**BRIEF:**
Please find every line of the listing below where "that" occurs and copy it.

**RECORDED INFORMATION:**
= Beginning of Section =
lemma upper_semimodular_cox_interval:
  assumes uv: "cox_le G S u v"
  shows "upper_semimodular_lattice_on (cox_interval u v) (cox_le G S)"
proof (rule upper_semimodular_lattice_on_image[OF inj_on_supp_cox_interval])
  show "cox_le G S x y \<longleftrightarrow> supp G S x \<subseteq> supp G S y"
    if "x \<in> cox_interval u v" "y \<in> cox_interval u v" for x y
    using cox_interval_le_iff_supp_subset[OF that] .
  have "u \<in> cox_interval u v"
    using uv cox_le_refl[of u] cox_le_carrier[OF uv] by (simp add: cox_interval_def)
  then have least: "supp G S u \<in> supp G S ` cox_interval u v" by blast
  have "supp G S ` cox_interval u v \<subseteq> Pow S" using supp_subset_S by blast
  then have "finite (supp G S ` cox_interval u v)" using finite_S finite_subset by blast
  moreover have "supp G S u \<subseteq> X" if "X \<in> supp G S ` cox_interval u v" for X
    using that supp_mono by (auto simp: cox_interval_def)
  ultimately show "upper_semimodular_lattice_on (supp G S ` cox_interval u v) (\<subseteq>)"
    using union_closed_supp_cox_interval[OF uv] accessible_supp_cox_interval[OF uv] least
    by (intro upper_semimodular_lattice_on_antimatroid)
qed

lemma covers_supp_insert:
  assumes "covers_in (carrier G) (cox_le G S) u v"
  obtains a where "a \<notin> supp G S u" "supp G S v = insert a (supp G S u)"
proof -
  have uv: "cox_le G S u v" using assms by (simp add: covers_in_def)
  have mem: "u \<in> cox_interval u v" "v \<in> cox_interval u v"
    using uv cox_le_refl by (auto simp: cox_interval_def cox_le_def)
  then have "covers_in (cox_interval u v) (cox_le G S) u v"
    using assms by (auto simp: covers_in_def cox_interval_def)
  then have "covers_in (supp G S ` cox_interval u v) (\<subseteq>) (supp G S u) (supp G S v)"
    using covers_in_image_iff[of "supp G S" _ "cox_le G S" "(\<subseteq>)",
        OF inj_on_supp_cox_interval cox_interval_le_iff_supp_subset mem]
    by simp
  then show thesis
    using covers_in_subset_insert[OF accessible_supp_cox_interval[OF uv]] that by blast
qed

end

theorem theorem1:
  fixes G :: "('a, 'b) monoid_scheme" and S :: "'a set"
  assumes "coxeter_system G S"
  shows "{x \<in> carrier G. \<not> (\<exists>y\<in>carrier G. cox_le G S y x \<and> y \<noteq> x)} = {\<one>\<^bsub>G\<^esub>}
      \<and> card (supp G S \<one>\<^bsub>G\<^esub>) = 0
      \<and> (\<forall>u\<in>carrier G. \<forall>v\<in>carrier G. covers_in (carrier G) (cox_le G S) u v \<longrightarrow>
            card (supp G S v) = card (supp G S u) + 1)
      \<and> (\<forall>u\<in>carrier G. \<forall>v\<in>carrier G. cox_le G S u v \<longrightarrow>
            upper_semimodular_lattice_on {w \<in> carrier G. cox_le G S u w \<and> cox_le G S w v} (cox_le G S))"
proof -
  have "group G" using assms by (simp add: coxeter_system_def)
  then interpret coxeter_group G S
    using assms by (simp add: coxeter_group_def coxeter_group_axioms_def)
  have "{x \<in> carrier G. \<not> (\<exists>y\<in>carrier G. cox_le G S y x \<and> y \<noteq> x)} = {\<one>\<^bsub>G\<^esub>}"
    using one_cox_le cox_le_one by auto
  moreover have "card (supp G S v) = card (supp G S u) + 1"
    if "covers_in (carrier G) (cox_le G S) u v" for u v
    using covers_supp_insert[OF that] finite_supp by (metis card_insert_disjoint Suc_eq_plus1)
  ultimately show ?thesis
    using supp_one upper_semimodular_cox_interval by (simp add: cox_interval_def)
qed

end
= End of Section =
= Beginning of Section =
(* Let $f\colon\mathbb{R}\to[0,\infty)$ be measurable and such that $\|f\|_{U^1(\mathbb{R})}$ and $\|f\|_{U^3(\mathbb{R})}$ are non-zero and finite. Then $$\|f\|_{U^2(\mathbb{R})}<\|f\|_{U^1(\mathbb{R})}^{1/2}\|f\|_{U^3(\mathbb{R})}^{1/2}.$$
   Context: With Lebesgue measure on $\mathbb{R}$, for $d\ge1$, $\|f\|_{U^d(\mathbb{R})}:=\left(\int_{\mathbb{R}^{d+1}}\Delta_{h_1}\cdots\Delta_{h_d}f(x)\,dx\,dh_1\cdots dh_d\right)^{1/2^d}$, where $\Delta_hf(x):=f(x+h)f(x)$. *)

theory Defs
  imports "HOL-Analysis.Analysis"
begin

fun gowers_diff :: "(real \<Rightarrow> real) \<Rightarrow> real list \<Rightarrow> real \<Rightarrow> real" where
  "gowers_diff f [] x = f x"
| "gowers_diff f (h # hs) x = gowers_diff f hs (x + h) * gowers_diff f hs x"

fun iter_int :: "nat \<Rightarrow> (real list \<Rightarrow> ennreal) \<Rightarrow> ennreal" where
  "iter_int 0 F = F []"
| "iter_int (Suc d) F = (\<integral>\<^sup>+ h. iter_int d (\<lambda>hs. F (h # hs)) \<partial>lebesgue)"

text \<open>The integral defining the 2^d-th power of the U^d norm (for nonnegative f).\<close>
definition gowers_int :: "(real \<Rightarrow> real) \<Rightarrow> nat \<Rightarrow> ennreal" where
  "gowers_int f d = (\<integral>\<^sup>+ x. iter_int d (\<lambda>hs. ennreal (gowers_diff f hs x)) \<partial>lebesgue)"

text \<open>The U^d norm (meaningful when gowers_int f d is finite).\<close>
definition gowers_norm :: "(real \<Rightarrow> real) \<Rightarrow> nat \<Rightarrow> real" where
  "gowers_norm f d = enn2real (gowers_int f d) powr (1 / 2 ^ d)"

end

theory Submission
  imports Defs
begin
= End of Section =
**SOLUTION TO THE PROBLEM:**
    using cox_interval_le_iff_supp_subset[OF that] .
    using that supp_mono by (auto simp: cox_interval_def)
    using covers_in_subset_insert[OF accessible_supp_cox_interval[OF uv]] that by blast
    using covers_supp_insert[OF that] finite_supp by (metis card_insert_disjoint Suc_eq_plus1)
(* Let $f\colon\mathbb{R}\to[0,\infty)$ be measurable and such that $\|f\|_{U^1(\mathbb{R})}$ and $\|f\|_{U^3(\mathbb{R})}$ are non-zero and finite. Then $$\|f\|_{U^2(\mathbb{R})}<\|f\|_{U^1(\mathbb{R})}^{1/2}\|f\|_{U^3(\mathbb{R})}^{1/2}.$$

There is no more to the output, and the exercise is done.